» What this task involves: Which lines make up the answer? Those from the line with "by (simp_all add: \<mu>\<^sub>0_def)" through the end of the data; reproduce them exactly.

» Records for this exercise:

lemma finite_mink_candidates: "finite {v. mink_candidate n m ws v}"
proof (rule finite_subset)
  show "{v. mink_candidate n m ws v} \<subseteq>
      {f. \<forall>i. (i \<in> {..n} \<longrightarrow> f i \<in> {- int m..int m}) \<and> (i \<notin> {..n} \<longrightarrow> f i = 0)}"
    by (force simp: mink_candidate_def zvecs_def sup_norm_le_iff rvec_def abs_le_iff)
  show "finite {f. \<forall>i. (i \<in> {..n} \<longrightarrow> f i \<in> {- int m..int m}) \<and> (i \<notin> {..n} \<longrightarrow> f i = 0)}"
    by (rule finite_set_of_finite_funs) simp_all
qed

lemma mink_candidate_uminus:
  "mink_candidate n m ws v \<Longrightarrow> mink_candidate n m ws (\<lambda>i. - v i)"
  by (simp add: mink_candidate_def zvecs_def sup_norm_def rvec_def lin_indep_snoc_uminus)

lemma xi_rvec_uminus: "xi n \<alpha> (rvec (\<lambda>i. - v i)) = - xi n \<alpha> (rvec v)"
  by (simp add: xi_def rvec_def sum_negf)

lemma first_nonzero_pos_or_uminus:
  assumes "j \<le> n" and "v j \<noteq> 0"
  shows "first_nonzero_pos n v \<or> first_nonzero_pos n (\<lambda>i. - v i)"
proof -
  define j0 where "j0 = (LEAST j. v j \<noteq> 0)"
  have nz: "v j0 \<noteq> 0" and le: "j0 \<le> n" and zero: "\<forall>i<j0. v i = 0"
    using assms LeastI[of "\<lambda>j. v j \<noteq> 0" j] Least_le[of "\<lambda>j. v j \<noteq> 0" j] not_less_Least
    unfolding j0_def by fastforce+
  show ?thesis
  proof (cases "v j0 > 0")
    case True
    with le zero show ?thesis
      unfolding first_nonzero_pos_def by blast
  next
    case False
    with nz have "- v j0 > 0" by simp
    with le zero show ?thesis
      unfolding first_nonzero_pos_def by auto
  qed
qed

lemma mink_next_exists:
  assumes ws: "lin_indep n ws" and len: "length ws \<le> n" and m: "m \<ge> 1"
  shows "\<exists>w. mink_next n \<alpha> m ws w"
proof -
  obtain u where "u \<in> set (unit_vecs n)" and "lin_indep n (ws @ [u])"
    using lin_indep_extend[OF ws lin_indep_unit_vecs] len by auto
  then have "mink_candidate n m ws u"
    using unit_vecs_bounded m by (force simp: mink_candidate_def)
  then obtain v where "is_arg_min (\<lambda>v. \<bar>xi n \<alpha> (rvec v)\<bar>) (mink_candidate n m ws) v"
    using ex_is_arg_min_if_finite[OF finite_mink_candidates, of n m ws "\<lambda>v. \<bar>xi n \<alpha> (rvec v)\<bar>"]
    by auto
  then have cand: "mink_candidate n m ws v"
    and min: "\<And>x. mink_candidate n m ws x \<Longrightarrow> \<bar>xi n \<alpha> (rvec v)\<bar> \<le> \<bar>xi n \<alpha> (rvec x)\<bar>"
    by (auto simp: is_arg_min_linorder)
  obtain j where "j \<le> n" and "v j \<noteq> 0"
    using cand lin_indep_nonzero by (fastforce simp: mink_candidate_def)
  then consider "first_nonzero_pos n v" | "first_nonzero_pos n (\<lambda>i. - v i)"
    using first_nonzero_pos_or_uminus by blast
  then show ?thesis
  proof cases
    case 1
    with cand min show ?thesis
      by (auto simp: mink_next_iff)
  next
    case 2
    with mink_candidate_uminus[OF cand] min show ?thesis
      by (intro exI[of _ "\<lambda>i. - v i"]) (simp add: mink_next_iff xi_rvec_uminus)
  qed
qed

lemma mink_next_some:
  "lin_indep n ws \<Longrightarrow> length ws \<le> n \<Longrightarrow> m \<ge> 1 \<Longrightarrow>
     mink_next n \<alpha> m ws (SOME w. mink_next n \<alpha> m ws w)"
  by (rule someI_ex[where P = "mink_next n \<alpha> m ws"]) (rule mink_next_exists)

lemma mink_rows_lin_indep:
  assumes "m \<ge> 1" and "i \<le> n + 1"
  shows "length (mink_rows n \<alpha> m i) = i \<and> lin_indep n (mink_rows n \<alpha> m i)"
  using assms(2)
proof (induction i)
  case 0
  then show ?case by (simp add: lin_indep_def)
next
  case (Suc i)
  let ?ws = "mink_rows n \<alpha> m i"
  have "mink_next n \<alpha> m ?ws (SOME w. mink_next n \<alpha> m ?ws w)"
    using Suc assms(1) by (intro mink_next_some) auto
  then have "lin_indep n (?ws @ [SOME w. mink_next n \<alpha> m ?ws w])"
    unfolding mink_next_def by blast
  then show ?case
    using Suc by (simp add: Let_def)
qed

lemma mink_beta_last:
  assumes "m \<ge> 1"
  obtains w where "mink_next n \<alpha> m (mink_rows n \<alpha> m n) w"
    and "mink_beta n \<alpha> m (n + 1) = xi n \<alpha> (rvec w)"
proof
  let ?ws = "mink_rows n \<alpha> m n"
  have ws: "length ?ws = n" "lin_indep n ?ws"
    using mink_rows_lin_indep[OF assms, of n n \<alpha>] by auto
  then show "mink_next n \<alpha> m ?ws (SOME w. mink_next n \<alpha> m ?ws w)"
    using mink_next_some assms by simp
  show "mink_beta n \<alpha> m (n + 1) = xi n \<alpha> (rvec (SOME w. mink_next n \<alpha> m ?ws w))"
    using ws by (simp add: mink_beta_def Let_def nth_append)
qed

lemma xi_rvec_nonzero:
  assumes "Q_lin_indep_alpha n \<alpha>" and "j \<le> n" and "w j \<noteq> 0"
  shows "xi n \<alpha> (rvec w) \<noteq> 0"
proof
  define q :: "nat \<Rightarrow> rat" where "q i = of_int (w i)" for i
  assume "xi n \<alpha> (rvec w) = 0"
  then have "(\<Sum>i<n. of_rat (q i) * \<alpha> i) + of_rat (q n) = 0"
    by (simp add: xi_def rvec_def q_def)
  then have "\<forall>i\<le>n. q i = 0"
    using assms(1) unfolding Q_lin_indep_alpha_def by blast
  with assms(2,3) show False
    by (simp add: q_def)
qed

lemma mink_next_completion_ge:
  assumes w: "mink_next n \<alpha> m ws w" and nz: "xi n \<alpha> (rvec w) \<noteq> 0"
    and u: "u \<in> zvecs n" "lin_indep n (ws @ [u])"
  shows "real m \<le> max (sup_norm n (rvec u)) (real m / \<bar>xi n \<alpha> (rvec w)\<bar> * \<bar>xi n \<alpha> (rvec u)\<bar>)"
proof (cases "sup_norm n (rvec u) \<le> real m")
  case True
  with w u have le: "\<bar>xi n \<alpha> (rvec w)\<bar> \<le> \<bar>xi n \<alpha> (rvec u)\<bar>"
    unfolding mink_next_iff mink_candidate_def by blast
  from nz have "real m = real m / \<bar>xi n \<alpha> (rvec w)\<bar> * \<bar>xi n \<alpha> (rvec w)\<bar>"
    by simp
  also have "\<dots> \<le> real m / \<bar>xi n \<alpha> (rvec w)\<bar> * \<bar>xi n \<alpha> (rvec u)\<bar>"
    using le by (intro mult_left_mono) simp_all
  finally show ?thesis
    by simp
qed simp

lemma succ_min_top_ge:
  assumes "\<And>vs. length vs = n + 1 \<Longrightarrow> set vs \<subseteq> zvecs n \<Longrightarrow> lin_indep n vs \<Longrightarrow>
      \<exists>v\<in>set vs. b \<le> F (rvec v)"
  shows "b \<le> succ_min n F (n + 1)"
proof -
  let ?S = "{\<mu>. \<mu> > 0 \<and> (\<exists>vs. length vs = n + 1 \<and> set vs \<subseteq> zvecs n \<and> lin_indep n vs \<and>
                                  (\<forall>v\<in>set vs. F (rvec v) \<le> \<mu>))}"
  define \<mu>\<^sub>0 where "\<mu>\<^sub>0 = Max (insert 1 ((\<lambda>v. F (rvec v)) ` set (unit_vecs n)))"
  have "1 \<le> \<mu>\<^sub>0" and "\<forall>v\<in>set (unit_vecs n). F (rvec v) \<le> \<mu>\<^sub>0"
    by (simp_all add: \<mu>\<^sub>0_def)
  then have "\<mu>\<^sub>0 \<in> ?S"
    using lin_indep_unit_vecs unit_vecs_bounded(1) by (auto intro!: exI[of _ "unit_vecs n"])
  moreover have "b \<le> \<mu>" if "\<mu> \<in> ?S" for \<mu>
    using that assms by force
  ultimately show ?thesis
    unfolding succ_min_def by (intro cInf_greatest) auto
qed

» Response area:
    by (simp_all add: \<mu>\<^sub>0_def)
  then have "\<mu>\<^sub>0 \<in> ?S"
    using lin_indep_unit_vecs unit_vecs_bounded(1) by (auto intro!: exI[of _ "unit_vecs n"])
  moreover have "b \<le> \<mu>" if "\<mu> \<in> ?S" for \<mu>
    using that assms by force
  ultimately show ?thesis
    unfolding succ_min_def by (intro cInf_greatest) auto
qed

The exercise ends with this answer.